**What the exercise asks**
Starting with the first line and ending with the last, copy the entries word for word.

**Record extracts**
• • •
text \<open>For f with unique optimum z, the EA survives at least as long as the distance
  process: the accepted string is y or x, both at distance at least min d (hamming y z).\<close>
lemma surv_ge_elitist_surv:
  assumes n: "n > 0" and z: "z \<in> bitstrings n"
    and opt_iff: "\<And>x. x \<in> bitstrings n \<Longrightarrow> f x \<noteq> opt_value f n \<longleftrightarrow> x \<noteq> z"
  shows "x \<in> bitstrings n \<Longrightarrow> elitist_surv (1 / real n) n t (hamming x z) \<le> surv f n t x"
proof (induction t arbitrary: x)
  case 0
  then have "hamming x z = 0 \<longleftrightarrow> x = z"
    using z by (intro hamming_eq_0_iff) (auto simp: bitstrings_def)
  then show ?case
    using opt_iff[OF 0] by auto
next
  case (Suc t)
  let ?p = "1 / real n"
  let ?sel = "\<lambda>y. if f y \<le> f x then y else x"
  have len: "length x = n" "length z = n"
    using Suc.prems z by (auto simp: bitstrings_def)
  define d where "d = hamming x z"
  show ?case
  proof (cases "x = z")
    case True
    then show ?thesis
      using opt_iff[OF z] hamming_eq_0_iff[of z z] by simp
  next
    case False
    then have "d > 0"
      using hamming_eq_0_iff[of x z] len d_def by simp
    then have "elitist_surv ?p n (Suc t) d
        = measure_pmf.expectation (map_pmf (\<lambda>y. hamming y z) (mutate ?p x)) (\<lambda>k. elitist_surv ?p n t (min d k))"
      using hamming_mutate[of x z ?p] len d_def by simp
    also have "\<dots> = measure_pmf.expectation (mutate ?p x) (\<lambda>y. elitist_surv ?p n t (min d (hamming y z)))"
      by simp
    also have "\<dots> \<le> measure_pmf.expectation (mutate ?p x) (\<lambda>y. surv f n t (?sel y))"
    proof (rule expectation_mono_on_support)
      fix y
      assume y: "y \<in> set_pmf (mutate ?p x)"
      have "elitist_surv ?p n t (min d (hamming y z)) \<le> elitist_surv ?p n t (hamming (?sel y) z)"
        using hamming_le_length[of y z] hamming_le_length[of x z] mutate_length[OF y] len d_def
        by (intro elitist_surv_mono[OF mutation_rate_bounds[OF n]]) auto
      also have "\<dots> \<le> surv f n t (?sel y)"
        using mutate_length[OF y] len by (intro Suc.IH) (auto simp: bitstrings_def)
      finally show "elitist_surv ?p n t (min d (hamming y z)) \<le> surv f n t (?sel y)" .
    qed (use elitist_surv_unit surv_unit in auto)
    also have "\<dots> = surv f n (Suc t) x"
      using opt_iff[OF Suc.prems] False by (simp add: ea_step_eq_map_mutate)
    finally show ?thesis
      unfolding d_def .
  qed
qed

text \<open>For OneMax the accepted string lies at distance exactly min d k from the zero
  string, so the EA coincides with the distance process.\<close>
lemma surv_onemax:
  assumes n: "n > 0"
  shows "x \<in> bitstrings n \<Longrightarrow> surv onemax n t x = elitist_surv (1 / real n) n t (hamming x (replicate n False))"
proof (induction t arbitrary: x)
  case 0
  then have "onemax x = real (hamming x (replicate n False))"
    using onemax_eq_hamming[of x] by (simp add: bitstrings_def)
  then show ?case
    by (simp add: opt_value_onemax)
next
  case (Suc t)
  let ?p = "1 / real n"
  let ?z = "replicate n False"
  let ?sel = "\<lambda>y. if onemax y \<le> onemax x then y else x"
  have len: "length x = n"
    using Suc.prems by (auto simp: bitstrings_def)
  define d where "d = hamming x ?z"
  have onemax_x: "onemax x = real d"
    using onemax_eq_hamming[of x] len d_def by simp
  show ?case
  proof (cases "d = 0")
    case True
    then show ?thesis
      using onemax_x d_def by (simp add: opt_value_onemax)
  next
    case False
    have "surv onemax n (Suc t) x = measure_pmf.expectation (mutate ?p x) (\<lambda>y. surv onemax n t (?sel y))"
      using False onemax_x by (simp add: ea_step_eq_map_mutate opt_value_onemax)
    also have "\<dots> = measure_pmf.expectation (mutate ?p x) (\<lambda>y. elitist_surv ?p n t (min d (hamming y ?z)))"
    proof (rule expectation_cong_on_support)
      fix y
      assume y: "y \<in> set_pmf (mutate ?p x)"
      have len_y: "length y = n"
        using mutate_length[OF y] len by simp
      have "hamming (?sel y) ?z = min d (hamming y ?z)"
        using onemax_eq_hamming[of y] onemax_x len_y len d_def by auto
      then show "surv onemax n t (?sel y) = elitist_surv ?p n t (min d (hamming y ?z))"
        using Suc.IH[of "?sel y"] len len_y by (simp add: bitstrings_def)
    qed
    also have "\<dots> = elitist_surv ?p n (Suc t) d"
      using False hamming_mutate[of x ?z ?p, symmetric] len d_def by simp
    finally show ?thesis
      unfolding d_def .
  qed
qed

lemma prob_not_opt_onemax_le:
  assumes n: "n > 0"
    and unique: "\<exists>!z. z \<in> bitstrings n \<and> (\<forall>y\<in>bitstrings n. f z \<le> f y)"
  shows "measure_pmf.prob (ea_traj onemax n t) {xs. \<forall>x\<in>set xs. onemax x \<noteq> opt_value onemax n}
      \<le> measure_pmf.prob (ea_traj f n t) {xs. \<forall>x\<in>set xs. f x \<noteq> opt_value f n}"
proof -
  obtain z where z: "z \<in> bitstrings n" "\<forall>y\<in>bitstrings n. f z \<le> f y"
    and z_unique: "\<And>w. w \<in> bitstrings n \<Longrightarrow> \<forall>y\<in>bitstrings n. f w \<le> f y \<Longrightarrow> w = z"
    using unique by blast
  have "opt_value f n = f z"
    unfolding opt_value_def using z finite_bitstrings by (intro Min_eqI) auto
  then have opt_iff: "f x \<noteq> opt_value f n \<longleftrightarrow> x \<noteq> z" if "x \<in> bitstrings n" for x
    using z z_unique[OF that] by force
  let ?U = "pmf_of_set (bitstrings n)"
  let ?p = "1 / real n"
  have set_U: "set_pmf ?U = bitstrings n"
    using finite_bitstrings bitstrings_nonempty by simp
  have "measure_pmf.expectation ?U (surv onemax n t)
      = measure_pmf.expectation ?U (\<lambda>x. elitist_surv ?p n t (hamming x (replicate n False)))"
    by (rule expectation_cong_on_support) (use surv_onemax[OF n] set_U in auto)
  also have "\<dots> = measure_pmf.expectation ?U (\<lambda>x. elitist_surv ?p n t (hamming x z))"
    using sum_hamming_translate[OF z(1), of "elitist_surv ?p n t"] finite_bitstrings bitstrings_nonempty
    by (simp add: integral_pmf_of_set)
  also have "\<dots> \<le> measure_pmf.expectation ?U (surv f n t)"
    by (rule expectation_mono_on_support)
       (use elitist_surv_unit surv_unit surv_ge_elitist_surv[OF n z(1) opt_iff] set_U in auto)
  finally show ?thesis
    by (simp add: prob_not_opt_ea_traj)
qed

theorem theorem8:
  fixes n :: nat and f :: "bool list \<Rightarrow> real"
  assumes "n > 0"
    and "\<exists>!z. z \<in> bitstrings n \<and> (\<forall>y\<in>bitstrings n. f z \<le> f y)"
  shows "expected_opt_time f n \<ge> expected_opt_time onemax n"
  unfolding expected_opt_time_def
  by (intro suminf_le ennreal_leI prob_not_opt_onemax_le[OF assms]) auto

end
• • •
**Answer below**
text \<open>For f with unique optimum z, the EA survives at least as long as the distance
  process: the accepted string is y or x, both at distance at least min d (hamming y z).\<close>
lemma surv_ge_elitist_surv:
  assumes n: "n > 0" and z: "z \<in> bitstrings n"
    and opt_iff: "\<And>x. x \<in> bitstrings n \<Longrightarrow> f x \<noteq> opt_value f n \<longleftrightarrow> x \<noteq> z"
  shows "x \<in> bitstrings n \<Longrightarrow> elitist_surv (1 / real n) n t (hamming x z) \<le> surv f n t x"
proof (induction t arbitrary: x)
  case 0
  then have "hamming x z = 0 \<longleftrightarrow> x = z"
    using z by (intro hamming_eq_0_iff) (auto simp: bitstrings_def)
  then show ?case
    using opt_iff[OF 0] by auto
next
  case (Suc t)
  let ?p = "1 / real n"
  let ?sel = "\<lambda>y. if f y \<le> f x then y else x"
  have len: "length x = n" "length z = n"
    using Suc.prems z by (auto simp: bitstrings_def)
  define d where "d = hamming x z"
  show ?case
  proof (cases "x = z")
    case True
    then show ?thesis
      using opt_iff[OF z] hamming_eq_0_iff[of z z] by simp
  next
    case False
    then have "d > 0"
      using hamming_eq_0_iff[of x z] len d_def by simp
    then have "elitist_surv ?p n (Suc t) d
        = measure_pmf.expectation (map_pmf (\<lambda>y. hamming y z) (mutate ?p x)) (\<lambda>k. elitist_surv ?p n t (min d k))"
      using hamming_mutate[of x z ?p] len d_def by simp
    also have "\<dots> = measure_pmf.expectation (mutate ?p x) (\<lambda>y. elitist_surv ?p n t (min d (hamming y z)))"
      by simp
    also have "\<dots> \<le> measure_pmf.expectation (mutate ?p x) (\<lambda>y. surv f n t (?sel y))"
    proof (rule expectation_mono_on_support)
      fix y
      assume y: "y \<in> set_pmf (mutate ?p x)"
      have "elitist_surv ?p n t (min d (hamming y z)) \<le> elitist_surv ?p n t (hamming (?sel y) z)"
        using hamming_le_length[of y z] hamming_le_length[of x z] mutate_length[OF y] len d_def
        by (intro elitist_surv_mono[OF mutation_rate_bounds[OF n]]) auto
      also have "\<dots> \<le> surv f n t (?sel y)"
        using mutate_length[OF y] len by (intro Suc.IH) (auto simp: bitstrings_def)
      finally show "elitist_surv ?p n t (min d (hamming y z)) \<le> surv f n t (?sel y)" .
    qed (use elitist_surv_unit surv_unit in auto)
    also have "\<dots> = surv f n (Suc t) x"
      using opt_iff[OF Suc.prems] False by (simp add: ea_step_eq_map_mutate)
    finally show ?thesis
      unfolding d_def .
  qed
qed

text \<open>For OneMax the accepted string lies at distance exactly min d k from the zero
  string, so the EA coincides with the distance process.\<close>
lemma surv_onemax:
  assumes n: "n > 0"
  shows "x \<in> bitstrings n \<Longrightarrow> surv onemax n t x = elitist_surv (1 / real n) n t (hamming x (replicate n False))"
proof (induction t arbitrary: x)
  case 0
  then have "onemax x = real (hamming x (replicate n False))"
    using onemax_eq_hamming[of x] by (simp add: bitstrings_def)
  then show ?case
    by (simp add: opt_value_onemax)
next
  case (Suc t)
  let ?p = "1 / real n"
  let ?z = "replicate n False"
  let ?sel = "\<lambda>y. if onemax y \<le> onemax x then y else x"
  have len: "length x = n"
    using Suc.prems by (auto simp: bitstrings_def)
  define d where "d = hamming x ?z"
  have onemax_x: "onemax x = real d"
    using onemax_eq_hamming[of x] len d_def by simp
  show ?case
  proof (cases "d = 0")
    case True
    then show ?thesis
      using onemax_x d_def by (simp add: opt_value_onemax)
  next
    case False
    have "surv onemax n (Suc t) x = measure_pmf.expectation (mutate ?p x) (\<lambda>y. surv onemax n t (?sel y))"
      using False onemax_x by (simp add: ea_step_eq_map_mutate opt_value_onemax)
    also have "\<dots> = measure_pmf.expectation (mutate ?p x) (\<lambda>y. elitist_surv ?p n t (min d (hamming y ?z)))"
    proof (rule expectation_cong_on_support)
      fix y
      assume y: "y \<in> set_pmf (mutate ?p x)"
      have len_y: "length y = n"
        using mutate_length[OF y] len by simp
      have "hamming (?sel y) ?z = min d (hamming y ?z)"
        using onemax_eq_hamming[of y] onemax_x len_y len d_def by auto
      then show "surv onemax n t (?sel y) = elitist_surv ?p n t (min d (hamming y ?z))"
        using Suc.IH[of "?sel y"] len len_y by (simp add: bitstrings_def)
    qed
    also have "\<dots> = elitist_surv ?p n (Suc t) d"
      using False hamming_mutate[of x ?z ?p, symmetric] len d_def by simp
    finally show ?thesis
      unfolding d_def .
  qed
qed

lemma prob_not_opt_onemax_le:
  assumes n: "n > 0"
    and unique: "\<exists>!z. z \<in> bitstrings n \<and> (\<forall>y\<in>bitstrings n. f z \<le> f y)"
  shows "measure_pmf.prob (ea_traj onemax n t) {xs. \<forall>x\<in>set xs. onemax x \<noteq> opt_value onemax n}
      \<le> measure_pmf.prob (ea_traj f n t) {xs. \<forall>x\<in>set xs. f x \<noteq> opt_value f n}"
proof -
  obtain z where z: "z \<in> bitstrings n" "\<forall>y\<in>bitstrings n. f z \<le> f y"
    and z_unique: "\<And>w. w \<in> bitstrings n \<Longrightarrow> \<forall>y\<in>bitstrings n. f w \<le> f y \<Longrightarrow> w = z"
    using unique by blast
  have "opt_value f n = f z"
    unfolding opt_value_def using z finite_bitstrings by (intro Min_eqI) auto
  then have opt_iff: "f x \<noteq> opt_value f n \<longleftrightarrow> x \<noteq> z" if "x \<in> bitstrings n" for x
    using z z_unique[OF that] by force
  let ?U = "pmf_of_set (bitstrings n)"
  let ?p = "1 / real n"
  have set_U: "set_pmf ?U = bitstrings n"
    using finite_bitstrings bitstrings_nonempty by simp
  have "measure_pmf.expectation ?U (surv onemax n t)
      = measure_pmf.expectation ?U (\<lambda>x. elitist_surv ?p n t (hamming x (replicate n False)))"
    by (rule expectation_cong_on_support) (use surv_onemax[OF n] set_U in auto)
  also have "\<dots> = measure_pmf.expectation ?U (\<lambda>x. elitist_surv ?p n t (hamming x z))"
    using sum_hamming_translate[OF z(1), of "elitist_surv ?p n t"] finite_bitstrings bitstrings_nonempty
    by (simp add: integral_pmf_of_set)
  also have "\<dots> \<le> measure_pmf.expectation ?U (surv f n t)"
    by (rule expectation_mono_on_support)
       (use elitist_surv_unit surv_unit surv_ge_elitist_surv[OF n z(1) opt_iff] set_U in auto)
  finally show ?thesis
    by (simp add: prob_not_opt_ea_traj)
qed

theorem theorem8:
  fixes n :: nat and f :: "bool list \<Rightarrow> real"
  assumes "n > 0"
    and "\<exists>!z. z \<in> bitstrings n \<and> (\<forall>y\<in>bitstrings n. f z \<le> f y)"
  shows "expected_opt_time f n \<ge> expected_opt_time onemax n"
  unfolding expected_opt_time_def
  by (intro suminf_le ennreal_leI prob_not_opt_onemax_le[OF assms]) auto

end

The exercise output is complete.